Available data
section \<open>Integrability of the logarithm at zero\<close>

lemma continuous_on_x_minus_x_ln_x: "continuous_on {0..1::real} (\<lambda>x. x - x * ln x)"
  unfolding continuous_on_eq_continuous_within
proof
  fix x :: real assume "x \<in> {0..1}"
  show "continuous (at x within {0..1}) (\<lambda>x. x - x * ln x)"
  proof (cases "x = 0")
    case True
    have "((\<lambda>x::real. x - x * ln x) \<longlongrightarrow> 0) (at_right 0)"
      by real_asymp
    then have "((\<lambda>x::real. x - x * ln x) \<longlongrightarrow> 0) (at 0 within {0..1})"
      by (simp add: at_within_Icc_at_right)
    then show ?thesis
      using True by (simp add: continuous_within)
  next
    case False
    then show ?thesis
      using \<open>x \<in> {0..1}\<close> by (intro continuous_intros) auto
  qed
qed

lemma set_integrable_neg_ln: "set_integrable lborel {0..1::real} (\<lambda>x. - ln x)"
proof -
  have "((\<lambda>x. - ln x) has_integral (1 - 1 * ln 1) - (0 - 0 * ln 0)) {0..1::real}"
  proof (rule fundamental_theorem_of_calculus_interior)
    fix x :: real assume "x \<in> {0<..<1}"
    then show "((\<lambda>x. x - x * ln x) has_vector_derivative - ln x) (at x)"
      unfolding has_real_derivative_iff_has_vector_derivative[symmetric]
      by (auto intro!: derivative_eq_intros)
  qed (auto intro: continuous_on_x_minus_x_ln_x)
  then have "(\<lambda>x::real. - ln x) absolutely_integrable_on {0..1}"
    by (intro nonnegative_absolutely_integrable_1) (auto simp: ln_le_zero_iff le_less)
  then show ?thesis
    unfolding set_integrable_def by (subst integrable_completion[symmetric]) auto
qed

lemma integrable_ln_abs_neg_part: "integrable lborel (\<lambda>w::real. max 0 (- ln \<bar>w\<bar>))"
proof -
  define f where "f w = indicator {0..1::real} w * (- ln w)" for w
  have f: "integrable lborel f"
    using set_integrable_neg_ln unfolding set_integrable_def f_def by (simp add: mult.commute)
  have "max 0 (- ln \<bar>w\<bar>) = f w + f (0 + (-1) * w)" for w
    by (cases "w < -1" "w < 0" "w \<le> 1" rule: bool.exhaust[case_product bool.exhaust bool.exhaust])
      (auto simp: f_def indicator_def ln_le_zero_iff)
  then show ?thesis
    using f lborel_integrable_real_affine[OF f, of "-1" 0] by simp
qed

section \<open>The uniform distribution on the unit interval\<close>

abbreviation uniform01 :: "real measure" where
  "uniform01 \<equiv> uniform_measure lborel {0..1}"

interpretation uniform01: prob_space uniform01
  by (rule prob_space_uniform_measure) auto

lemma uniform01_eq_density: "uniform01 = density lborel (\<lambda>x. ennreal (indicator {0..1} x))"
  unfolding uniform_measure_def
  by (auto intro!: arg_cong[where f="density lborel"] simp: indicator_def)

lemma integrable_uniform01_if_integrable_lborel:
  fixes g :: "real \<Rightarrow> real"
  assumes "integrable lborel g"
  shows "integrable uniform01 g"
  using integrable_real_mult_indicator[OF _ assms, of "{0..1}"] assms
  unfolding uniform01_eq_density by (subst integrable_density) (auto simp: mult.commute)

lemma distr_uniform01_reflect: "distr uniform01 borel (\<lambda>u. 1 - u) = uniform01"
proof (rule measure_eqI)
  fix A assume "A \<in> sets (distr uniform01 borel (\<lambda>u. 1 - u))"
  then have [measurable]: "A \<in> sets borel"
    by simp
  have [measurable]: "(\<lambda>u::real. 1 - u) -` A \<in> sets borel"
    using measurable_sets[of "\<lambda>u::real. 1 - u" borel borel A] by simp
  have "emeasure lborel ({0..1} \<inter> A) = (\<integral>\<^sup>+x. indicator ({0..1} \<inter> A) x \<partial>lborel)"
    by simp
  also have "\<dots> = (\<integral>\<^sup>+x. indicator ({0..1} \<inter> A) (1 + (-1) * x) \<partial>lborel)"
    by (subst nn_integral_real_affine[where c="-1" and t=1]) auto
  also have "\<dots> = (\<integral>\<^sup>+x. indicator ({0..1} \<inter> (\<lambda>u. 1 - u) -` A) x \<partial>lborel)"
    by (intro nn_integral_cong) (auto simp: indicator_def)
  also have "\<dots> = emeasure lborel ({0..1} \<inter> (\<lambda>u::real. 1 - u) -` A)"
    by simp
  finally show "emeasure (distr uniform01 borel (\<lambda>u. 1 - u)) A = emeasure uniform01 A"
    by (simp add: emeasure_distr)
qed simp

lemma AE_uniform01_reflect:
  assumes "AE u in uniform01. P u" and [measurable]: "Measurable.pred borel P"
  shows "AE u in uniform01. P (1 - u)"
  using assms(1) by (subst (asm) distr_uniform01_reflect[symmetric]) (simp add: AE_distr_iff)

lemma integral_uniform01_reflect:
  fixes g :: "real \<Rightarrow> real"
  assumes [measurable]: "g \<in> borel_measurable borel"
  shows "integral\<^sup>L uniform01 (\<lambda>u. g (1 - u)) = integral\<^sup>L uniform01 g"
    and "integrable uniform01 (\<lambda>u. g (1 - u)) \<longleftrightarrow> integrable uniform01 g"
  using integral_distr[of "\<lambda>u. 1 - u" uniform01 borel g]
    integrable_distr_eq[of "\<lambda>u. 1 - u" uniform01 borel g]
  by (simp_all add: distr_uniform01_reflect)

lemma integral_uniform01_symmetrize:
  fixes g :: "real \<Rightarrow> real"
  assumes "integrable uniform01 g"
  shows "2 * integral\<^sup>L uniform01 g = integral\<^sup>L uniform01 (\<lambda>u. g u + g (1 - u))"
proof -
  have [measurable]: "g \<in> borel_measurable borel"
    using borel_measurable_integrable[OF assms] by simp
  show ?thesis
    using assms integral_uniform01_reflect[of g] by simp
qed

lemma AE_uniform01_if_AE_lborel: "AE u in lborel. P u \<Longrightarrow> AE u in uniform01. P u"
  by (intro AE_uniform_measureI) (auto elim!: eventually_mono)

lemma AE_uniform01_interior: "AE u in uniform01. 0 < u \<and> u < 1"
proof -
  have "AE u in uniform01. u \<noteq> 0" "AE u in uniform01. u \<noteq> 1"
    by (auto intro!: AE_uniform01_if_AE_lborel AE_lborel_singleton)
  moreover have "AE u in uniform01. 0 \<le> u \<and> u \<le> 1"
    by (rule AE_uniform_measureI) auto
  ultimately show ?thesis
    by eventually_elim auto
qed

lemma AE_uniform01_one_add_ne_zero: "AE u in uniform01. 1 + w * complex_of_real u \<noteq> 0"
proof -
  define c where "c = Re (- 1 / w)"
  have ne: "1 + w * complex_of_real u \<noteq> 0" if "u \<noteq> c" for u
  proof
    assume eq: "1 + w * complex_of_real u = 0"
    then have "w \<noteq> 0"
      by auto
    with eq have "complex_of_real u = - 1 / w"
      by (simp add: field_simps add_eq_0_iff)
    then show False
      using that unfolding c_def by (metis Re_complex_of_real)
  qed
  have "AE u in lborel. 1 + w * complex_of_real u \<noteq> 0"
    using AE_lborel_singleton[of c] by eventually_elim (rule ne)
  then show ?thesis
    by (rule AE_uniform01_if_AE_lborel)
qed

lemma AE_uniform01_ne_zero:
  "AE u in uniform01. 1 + z * complex_of_real u \<noteq> 0 \<and> 1 - z * complex_of_real u \<noteq> 0 \<and>
     1 + z * complex_of_real (1 - u) \<noteq> 0 \<and> 1 - z * complex_of_real (1 - u) \<noteq> 0"
proof -
  have plus: "AE u in uniform01. 1 + z * complex_of_real u \<noteq> 0"
    and minus: "AE u in uniform01. 1 - z * complex_of_real u \<noteq> 0"
    using AE_uniform01_one_add_ne_zero[of z] AE_uniform01_one_add_ne_zero[of "- z"] by simp_all
  moreover have "AE u in uniform01. 1 + z * complex_of_real (1 - u) \<noteq> 0"
    by (rule AE_uniform01_reflect[OF plus]) measurable
  moreover have "AE u in uniform01. 1 - z * complex_of_real (1 - u) \<noteq> 0"
    by (rule AE_uniform01_reflect[OF minus]) measurable
  ultimately show ?thesis
    by eventually_elim blast
qed

section \<open>The stability factor\<close>

definition stab_factor :: "complex \<Rightarrow> real \<Rightarrow> complex" where
  "stab_factor z u = 1 + z / (1 - z * complex_of_real u)"

definition log_gain :: "complex \<Rightarrow> real \<Rightarrow> real" where
  "log_gain z u = ln (cmod (stab_factor z u))"

lemma stab_factor_measurable [measurable]: "stab_factor z \<in> borel_measurable borel"
  unfolding stab_factor_def by measurable

lemma log_gain_measurable [measurable]: "log_gain z \<in> borel_measurable borel"
  unfolding log_gain_def by measurable

lemma stab_factor_eq:
  assumes "1 - z * complex_of_real u \<noteq> 0"
  shows "stab_factor z u = (1 + z * complex_of_real (1 - u)) / (1 - z * complex_of_real u)"
  using assms unfolding stab_factor_def by (simp add: field_simps)

lemma V_eq_prod_stab_factor: "V \<tau> z k = (\<lambda>\<omega>. \<Prod>j\<in>{1..k}. stab_factor z (\<tau> j \<omega>))"
  unfolding V_def stab_factor_def ..

lemma log_gain_eq:
  assumes "1 - z * complex_of_real u \<noteq> 0" "1 + z * complex_of_real (1 - u) \<noteq> 0"
  shows "log_gain z u = ln (cmod (1 + z * complex_of_real (1 - u))) - ln (cmod (1 - z * complex_of_real u))"
  using assms unfolding log_gain_def stab_factor_eq[OF assms(1)]
  by (simp add: norm_divide ln_div del: of_real_diff)

lemma log_gain_add_reflect:
  assumes "1 - z * complex_of_real u \<noteq> 0" "1 - z * complex_of_real (1 - u) \<noteq> 0"
    and "1 + z * complex_of_real u \<noteq> 0" "1 + z * complex_of_real (1 - u) \<noteq> 0"
  shows "log_gain z u + log_gain z (1 - u) =
    (ln (cmod (1 + z * complex_of_real u)) - ln (cmod (1 - z * complex_of_real u))) +
    (ln (cmod (1 + z * complex_of_real (1 - u))) - ln (cmod (1 - z * complex_of_real (1 - u))))"
  using log_gain_eq[of z u] log_gain_eq[of z "1 - u"] assms by (simp del: of_real_diff)

lemma cmod_one_add_mult_of_real_sq:
  "(cmod (1 + z * complex_of_real v))\<^sup>2 = 1 + 2 * Re z * v + (cmod z)\<^sup>2 * v\<^sup>2"
  by (simp only: cmod_power2) (simp add: power2_eq_square algebra_simps)

lemma cmod_one_add_le_cmod_one_diff_iff: "cmod (1 + w) \<le> cmod (1 - w) \<longleftrightarrow> Re w \<le> 0"
proof -
  have "(cmod (1 + w))\<^sup>2 = (cmod (1 - w))\<^sup>2 + 4 * Re w"
    using cmod_one_add_mult_of_real_sq[of w 1] cmod_one_add_mult_of_real_sq[of "- w" 1] by simp
  then show ?thesis
    by (smt (verit) norm_ge_zero power_mono power2_le_imp_le)
qed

What the exercise asks
Number of lines containing the word "close" in the listing: state it, and add no other text.

Solution
4